The trouble with the release of dopamine in the context of social media, is that given the choice between posting controversial content or opinions that might offend others, which reduces our approval rating and number of likes, in turn inhibiting the hit of dopamine received by our neural circuitry; we are more inclined to publish neutral content that appeals instead to the widest audience segment and generates a higher approval rating from our peers. To this end, social media users become incentivised by the brain's dopamine reward centres to water down their content and remain in lockstep with wider consensus. As a result, a new culture arises that sees individual expression and diversity of thought, surrendering to group think and more obedient forms of communication.


The Empire of Cyber Space


At no point in human history have corporations and third parties exercised as much influence upon the social fabric as they do today. Specifically, the handful of conglomerates who control newsprint, television, the video game, music and film industries; together with the world’s biggest corporations whose empire is cyberspace.

As a result, a corporate monopoly, tantamount to imperialism, has become, by proxy, the touchstone for our social adhesion, personal expression, education, information, and entertainment.


What is especially frightening, is the breakneck speed at which this transformation has taken place - it is just thirteen years since Apple launched the I-phone and Facebook reached 30 million users. In this time, technology has become the centrepiece of our lives, with more than 10 hours daily spent plugged into a digital mainframe which places users under the influence of corporate hypnosis, inducing brain wave changes that modifies our visual perception, feelings, and importantly, the muscle memory associated with repeating words and ideas.


Accordingly, the masses are under a modified state of consciousness when using digital technology, that acts as a kind of anaesthesia, taking control of the autonomous processes of self-stimulation, by switching off our intellect, and turning on drives towards the simplified feedback loop of digital imagery, content and links to stimulate the senses.

The impact of digital technology on children is indeed frightening. As paediatrician Michael Rich, Director of the Centre on Media and Child Health at Boston Children’s Hospital puts it, the growing human brain is constantly building neural connections while pruning away less-used ones, and digital media plays an active role in that process, in as much as what happens on screen provides impoverished stimulation of the brain compared to reality.

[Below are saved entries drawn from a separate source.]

lemma polyfun_tendsto_0_imp_coeff_tendsto_0:
  fixes c :: "nat \<Rightarrow> 'a \<Rightarrow> real"
  assumes "\<And>x. ((\<lambda>y. \<Sum>i\<le>d. c i y * x ^ i) \<longlongrightarrow> 0) F" and "i \<le> d"
  shows "(c i \<longlongrightarrow> 0) F"
  using assms
proof (induction d arbitrary: c i)
  case 0
  then show ?case using "0.prems"(1)[of 1] by simp
next
  case (Suc d)
  text \<open>Comparing the values at \<open>2 x\<close> and at \<open>x\<close> removes the top coefficient.\<close>
  define c' where "c' i y = c i y * (2 ^ i - 2 ^ Suc d)" for i y
  have "((\<lambda>y. \<Sum>i\<le>d. c' i y * x ^ i) \<longlongrightarrow> 0) F" for x
  proof -
    have "((\<lambda>y. (\<Sum>i\<le>Suc d. c i y * (2*x) ^ i) - 2 ^ Suc d * (\<Sum>i\<le>Suc d. c i y * x ^ i))
        \<longlongrightarrow> 0 - 2 ^ Suc d * 0) F"
      by (intro tendsto_intros Suc.prems(1))
    moreover have "(\<Sum>i\<le>Suc d. c i y * (2*x) ^ i) - 2 ^ Suc d * (\<Sum>i\<le>Suc d. c i y * x ^ i)
        = (\<Sum>i\<le>d. c' i y * x ^ i)" for y
      by (simp add: c'_def sum_distrib_left sum_subtractf[symmetric] power_mult_distrib algebra_simps)
    ultimately show ?thesis by simp
  qed
  then have lower: "(c i \<longlongrightarrow> 0) F" if "i \<le> d" for i
  proof -
    have "(c' i \<longlongrightarrow> 0) F" by (rule Suc.IH) fact+
    moreover have "(2::real) ^ i < 2 ^ Suc d" using that by (intro power_strict_increasing) auto
    ultimately have "((\<lambda>y. c' i y / (2 ^ i - 2 ^ Suc d)) \<longlongrightarrow> 0 / (2 ^ i - 2 ^ Suc d)) F"
      by (intro tendsto_intros) auto
    with \<open>(2::real) ^ i < 2 ^ Suc d\<close> show ?thesis by (simp add: c'_def)
  qed
  show ?case
  proof (cases "i \<le> d")
    case False
    then have "i = Suc d" using Suc.prems(2) by simp
    have "((\<lambda>y. (\<Sum>i\<le>Suc d. c i y * 1 ^ i) - (\<Sum>i\<le>d. c i y)) \<longlongrightarrow> 0 - (\<Sum>i\<le>d. 0)) F"
      by (intro tendsto_intros Suc.prems(1) lower) auto
    then show ?thesis using \<open>i = Suc d\<close> by simp
  qed (rule lower)
qed

lemma LK_trunc_hom_polyfun_scaleR:
  assumes K: "continuous_on {0<..} K" and e: "e > 0"
  shows "LK_trunc K (hom_polyfun m b) (s *\<^sub>R x) e
    = (\<Sum>j\<le>m. (if j < m then - integral (annulus e) (\<lambda>z. taylor_part m b (m - j) x z * K (norm z)) else 0) * s ^ j)"
proof -
  let ?I = "\<lambda>k. integral (annulus e) (\<lambda>z. taylor_part m b k x z * K (norm z))"
  have "LK_trunc K (hom_polyfun m b) (s *\<^sub>R x) e = (\<Sum>k=0..m. if k = 0 then 0 else - (s ^ (m - k) * ?I k))"
    by (simp add: LK_trunc_hom_polyfun[OF K e] taylor_part_scaleR_point mult.assoc
        sum.atLeast_Suc_atMost sum_negf integral_mult_right)
  also have "\<dots> = (\<Sum>j=0..m. if m - j = 0 then 0 else - (s ^ (m - (m - j)) * ?I (m - j)))"
    by (subst sum.atLeastAtMost_rev) (rule sum.cong; simp)
  also have "\<dots> = (\<Sum>j\<le>m. (if j < m then - ?I (m - j) else 0) * s ^ j)"
    by (auto simp: atMost_atLeast0 intro!: sum.cong)
  finally show ?thesis by simp
qed

lemma integral_taylor_part_2:
  fixes b :: "('n::finite \<Rightarrow> nat) \<Rightarrow> real" and i :: 'n
  assumes K: "continuous_on {0<..} K" and K_nonneg: "\<And>t. t > 0 \<Longrightarrow> K t \<ge> 0" and e: "e > 0"
    and "2 \<le> m" and "moment K e ((\<lambda>_. 0)(i := 0)) \<noteq> 0"
  shows "2 * integral (annulus e) (\<lambda>z. taylor_part m b 2 x z * K (norm z))
    = moment K e ((\<lambda>_. 0)(i := 2)) * laplacian (hom_polyfun m b) x"
proof -
  have "real 2 * (moment K e ((\<lambda>_. 0)(i := 2 - 2)) / gaussian_moment (2 - 2))
      * integral (annulus e) (\<lambda>z. taylor_part m b 2 x z * K (norm z))
    = moment K e ((\<lambda>_. 0)(i := 2)) / gaussian_moment 2
      * integral (annulus e) (\<lambda>z. laplacian (taylor_part m b 2 x) z * K (norm z))"
    unfolding taylor_part_def
    by (rule integral_laplacian_monomial_sum[OF K K_nonneg e finite_taylor_index taylor_index_degree]) simp_all
  also have "\<dots> = moment K e ((\<lambda>_. 0)(i := 2)) * laplacian (hom_polyfun m b) x * moment K e ((\<lambda>_. 0)(i := 0))"
    by (simp add: laplacian_taylor_part_2[OF \<open>2 \<le> m\<close>] moment_def monomial_single)
  finally show ?thesis
    using \<open>moment K e ((\<lambda>_. 0)(i := 0)) \<noteq> 0\<close> by simp
qed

In summary, the fountain of human knowledge has become a megalith, motivated by profit and monopoly, within a primacy that runs contrary to the benign qualities that aggregate our humanity. Overall, if we allow this legacy to continue on its current trajectory, then I regret to contemplate the kind of dystopian future our children will inherit, and what hallmarks of our true humanity will remain in the collective consciousness, post-digital revolution.